Why Is My Energy So Low? Could Alcohol Play a Role?
- CWOB Team

- Mar 2
- 4 min read
Updated: Apr 19

Yep, it does. How Alcohol Quietly Drains Your Energy (Even If You Don’t Drink “That Much”)
It's not a hangover...
You’re not completely useless. You still muster up the things that have to get donr.
You just feel… blah.
Midday crashes. Heavy mornings. Harder to focus.
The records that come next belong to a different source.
theorem lemma1:
  fixes M :: "'o measure"
    and MU :: "'u measure" and MZ :: "'z measure" and MW :: "'w measure"
    and MEy :: "'ey measure" and MEw :: "'ew measure" and MEa :: "'ea measure"
    and Y :: "'o \<Rightarrow> real" and A :: "'o \<Rightarrow> nat" and D :: "'o \<Rightarrow> real"
    and Z :: "'o \<Rightarrow> 'z" and W :: "'o \<Rightarrow> 'w" and U :: "'o \<Rightarrow> 'u"
    and ey :: "'o \<Rightarrow> 'ey" and ew :: "'o \<Rightarrow> 'ew" and ea :: "'o \<Rightarrow> 'ea"
    and Yf :: "nat \<Rightarrow> real \<Rightarrow> 'z \<Rightarrow> 'u \<Rightarrow> 'ey \<Rightarrow> real"
    and Wf :: "nat \<Rightarrow> real \<Rightarrow> 'z \<Rightarrow> 'u \<Rightarrow> 'ew \<Rightarrow> 'w"
    and Af :: "real \<Rightarrow> 'z \<Rightarrow> 'u \<Rightarrow> 'ea \<Rightarrow> nat"
    and Yx :: "nat \<Rightarrow> real \<Rightarrow> 'u \<Rightarrow> 'ey \<Rightarrow> real"
    and Wx :: "'u \<Rightarrow> 'ew \<Rightarrow> 'w"
    and Ax :: "real \<Rightarrow> 'ea \<Rightarrow> nat"
    and dstar eps :: real and Zset :: "'z set"
    and fU :: "'u \<Rightarrow> real" and fc :: "'u \<Rightarrow> nat \<Rightarrow> real \<Rightarrow> 'z \<Rightarrow> real"
  assumes P: "prob_space M"
    and meas_Y: "Y \<in> borel_measurable M"
    and meas_A: "A \<in> measurable M (count_space UNIV)"
    and A01: "\<forall>\<omega>\<in>space M. A \<omega> \<in> {0, 1}"
    and meas_D: "D \<in> borel_measurable M"
    and meas_Z: "Z \<in> measurable M MZ"
    and meas_W: "W \<in> measurable M MW"
    and meas_U: "U \<in> measurable M MU"
    and meas_ey: "ey \<in> measurable M MEy"
    and meas_ew: "ew \<in> measurable M MEw"
    and meas_ea: "ea \<in> measurable M MEa"
    and meas_Yx: "(\<lambda>(a, d, u, e). Yx a d u e)
                    \<in> borel_measurable (count_space UNIV \<Otimes>\<^sub>M (borel \<Otimes>\<^sub>M (MU \<Otimes>\<^sub>M MEy)))"
    and meas_Wx: "(\<lambda>(u, e). Wx u e) \<in> measurable (MU \<Otimes>\<^sub>M MEw) MW"
    and meas_Ax: "(\<lambda>(d, e). Ax d e) \<in> measurable (borel \<Otimes>\<^sub>M MEa) (count_space UNIV)"
    and eps_pos: "eps > 0"
    and Zset: "Zset \<in> sets MZ"
    and Zset_full: "AE \<omega> in M. D \<omega> \<in> Dnbhd dstar eps \<longrightarrow> Z \<omega> \<in> Zset"
    \<comment> \<open>(PV)(a): structural equations on the local region\<close>
    and PVa_Y: "AE \<omega> in M. D \<omega> \<in> Dnbhd dstar eps \<and> Z \<omega> \<in> Zset \<longrightarrow>
                  Y \<omega> = Yf (A \<omega>) (D \<omega>) (Z \<omega>) (U \<omega>) (ey \<omega>)"
    and PVa_W: "AE \<omega> in M. D \<omega> \<in> Dnbhd dstar eps \<and> Z \<omega> \<in> Zset \<longrightarrow>
                  W \<omega> = Wf (A \<omega>) (D \<omega>) (Z \<omega>) (U \<omega>) (ew \<omega>)"
    and PVa_A: "AE \<omega> in M. D \<omega> \<in> Dnbhd dstar eps \<and> Z \<omega> \<in> Zset \<longrightarrow>
                  A \<omega> = Af (D \<omega>) (Z \<omega>) (U \<omega>) (ea \<omega>)"
    \<comment> \<open>(PV)(b): local conditional independences\<close>
    and PVb_1: "cond_indep (local_measure M D dstar eps) MZ Z (MEy \<Otimes>\<^sub>M MEa) (\<lambda>\<omega>. (ey \<omega>, ea \<omega>))
                  (MU \<Otimes>\<^sub>M borel) (\<lambda>\<omega>. (U \<omega>, D \<omega>))"
    and PVb_2: "cond_indep (local_measure M D dstar eps) MEw ew (borel \<Otimes>\<^sub>M MZ) (\<lambda>\<omega>. (D \<omega>, Z \<omega>))
                  MU U"
    \<comment> \<open>(PV)(c): densities exist and are positive\<close>
    and PVc_U: "distributed M MU U (\<lambda>u. ennreal (fU u))"
    and PVc_joint: "distributed M (MU \<Otimes>\<^sub>M (count_space UNIV \<Otimes>\<^sub>M (lborel \<Otimes>\<^sub>M MZ)))
                      (\<lambda>\<omega>. (U \<omega>, A \<omega>, D \<omega>, Z \<omega>))
                      (\<lambda>(u, a, d, z). ennreal (fU u * fc u a d z))"
    and PVc_pos: "\<forall>u a d z. fU u > 0 \<and> a \<in> {0, 1} \<and> d \<in> Dnbhd dstar eps \<and> z \<in> Zset
                      \<longrightarrow> fc u a d z > 0"
    \<comment> \<open>(PV)(d): exclusion restrictions\<close>
    and PVd_Y: "AE \<omega> in M. \<forall>a\<in>{0, 1}. \<forall>d\<in>Dnbhd dstar eps. \<forall>z\<in>Zset.
                  Yf a d z (U \<omega>) (ey \<omega>) = Yx a d (U \<omega>) (ey \<omega>)"
    and PVd_W: "AE \<omega> in M. \<forall>a\<in>{0, 1}. \<forall>d\<in>Dnbhd dstar eps. \<forall>z\<in>Zset.
                  Wf a d z (U \<omega>) (ew \<omega>) = Wx (U \<omega>) (ew \<omega>)"
    and PVd_A: "AE \<omega> in M. \<forall>d\<in>Dnbhd dstar eps. \<forall>z\<in>Zset.
                  Af d z (U \<omega>) (ea \<omega>) = Ax d (ea \<omega>)"
  shows "cond_indep (local_measure M D dstar eps) borel Y MZ Z
            (borel \<Otimes>\<^sub>M MU) (\<lambda>\<omega>. (D \<omega>, U \<omega>))
         \<and> cond_indep (local_measure M D dstar eps) MW W (borel \<Otimes>\<^sub>M MZ) (\<lambda>\<omega>. (D \<omega>, Z \<omega>))
            MU U
         \<and> (cond_indep (local_measure M D dstar eps) MEa ea MU U borel D
            \<longrightarrow> cond_indep (local_measure M D dstar eps) (count_space UNIV) A MU U borel D)"
proof -
  interpret prob_space M by (rule P)
  let ?L = "local_measure M D dstar eps"
  have L: "finite_measure ?L"
    by (rule finite_measure_local_measure[OF finite_measure_axioms meas_D])
  note [measurable] = meas_Y meas_A meas_D meas_Z meas_W meas_U meas_ey meas_ew meas_ea meas_Wx meas_Ax
  have Y_meas: "(\<lambda>((e, e'), (u, d)). Yx (Ax d e') d u e)
      \<in> borel_measurable ((MEy \<Otimes>\<^sub>M MEa) \<Otimes>\<^sub>M (MU \<Otimes>\<^sub>M borel))"
    using measurable_compose[OF _ meas_Yx, of "\<lambda>((e, e'), (u, d)). (Ax d e', d, u, e)"]
    by (simp add: case_prod_beta') measurable
  have W_meas: "(\<lambda>(e, u). Wx u e) \<in> measurable (MEw \<Otimes>\<^sub>M MU) MW"
    by measurable
  have A_meas: "(\<lambda>(e, d). Ax d e) \<in> measurable (MEa \<Otimes>\<^sub>M borel) (count_space UNIV)"
    by measurable
  have structural: "AE \<omega> in ?L. A \<omega> = Ax (D \<omega>) (ea \<omega>)
      \<and> Y \<omega> = Yx (Ax (D \<omega>) (ea \<omega>)) (D \<omega>) (U \<omega>) (ey \<omega>) \<and> W \<omega> = Wx (U \<omega>) (ew \<omega>)"
    by (rule AE_local_measureI[OF meas_D], rule reduced_form_AE)
      (fact A01 Zset_full PVa_Y PVa_W PVa_A PVd_Y PVd_W PVd_A)+
  have "cond_indep ?L MZ Z borel Y (MU \<Otimes>\<^sub>M borel) (\<lambda>\<omega>. (U \<omega>, D \<omega>))"
    by (rule cond_indep_AE_eq_fun_pair[OF L _ _ _ Y_meas _ _ PVb_1])
      (measurable, measurable, measurable, measurable, use structural in auto)
  moreover have "cond_indep ?L (borel \<Otimes>\<^sub>M MZ) (\<lambda>\<omega>. (D \<omega>, Z \<omega>)) MW W MU U"
    by (rule cond_indep_AE_eq_fun_pair[OF L _ _ _ W_meas _ _ cond_indep_sym[OF PVb_2]])
      (measurable, measurable, measurable, measurable, use structural in auto)
  moreover have "cond_indep ?L MU U (count_space UNIV) A borel D"
    if "cond_indep ?L MEa ea MU U borel D"
    by (rule cond_indep_AE_eq_fun_pair[OF L _ _ _ A_meas _ _ cond_indep_sym[OF that]])
      (measurable, measurable, measurable, measurable, use structural in auto)
  ultimately show ?thesis
    by (blast intro: cond_indep_sym cond_indep_swap_cond)
qed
And after you say to yourself: "Well this is just getting older and how it is, I guess", a quiet whisper....
“Maybe it's the alcohol?”
And that whisper (as we've mentioned in other articles is usually right).
Yes. It plays a role.
But not in the dramatic way people think.
It’s not one crazy night that drains your energy.
It’s the quiet, repeated, quiet thumping.
Let’s break down what’s actually happening.
1. Alcohol Disrupts Sleep Architecture
Sleep isn't just rest. It's probably THE most critical thing in our lives that we don't pay enough attention to.
It's a cleansing of our brain. Your brain literally washes itself off.
It repairs our body- muscles recovers, immune system strengthens, hormones rebalance.
Organizes our mind. Memories are filed; wild emotions are processed. learning is solidified.
A reset. Everything should get rebalanced the way it supposed to operate.
Regarding booze... It's a Tier 1 Disruptor of this (it makes blue screens at night and caffeine later in the day look like amateurs).
Glutamate- the Pooh Bear neurotransmitter is flooded when we drink. Which is why it's so dang calming and makes us crash.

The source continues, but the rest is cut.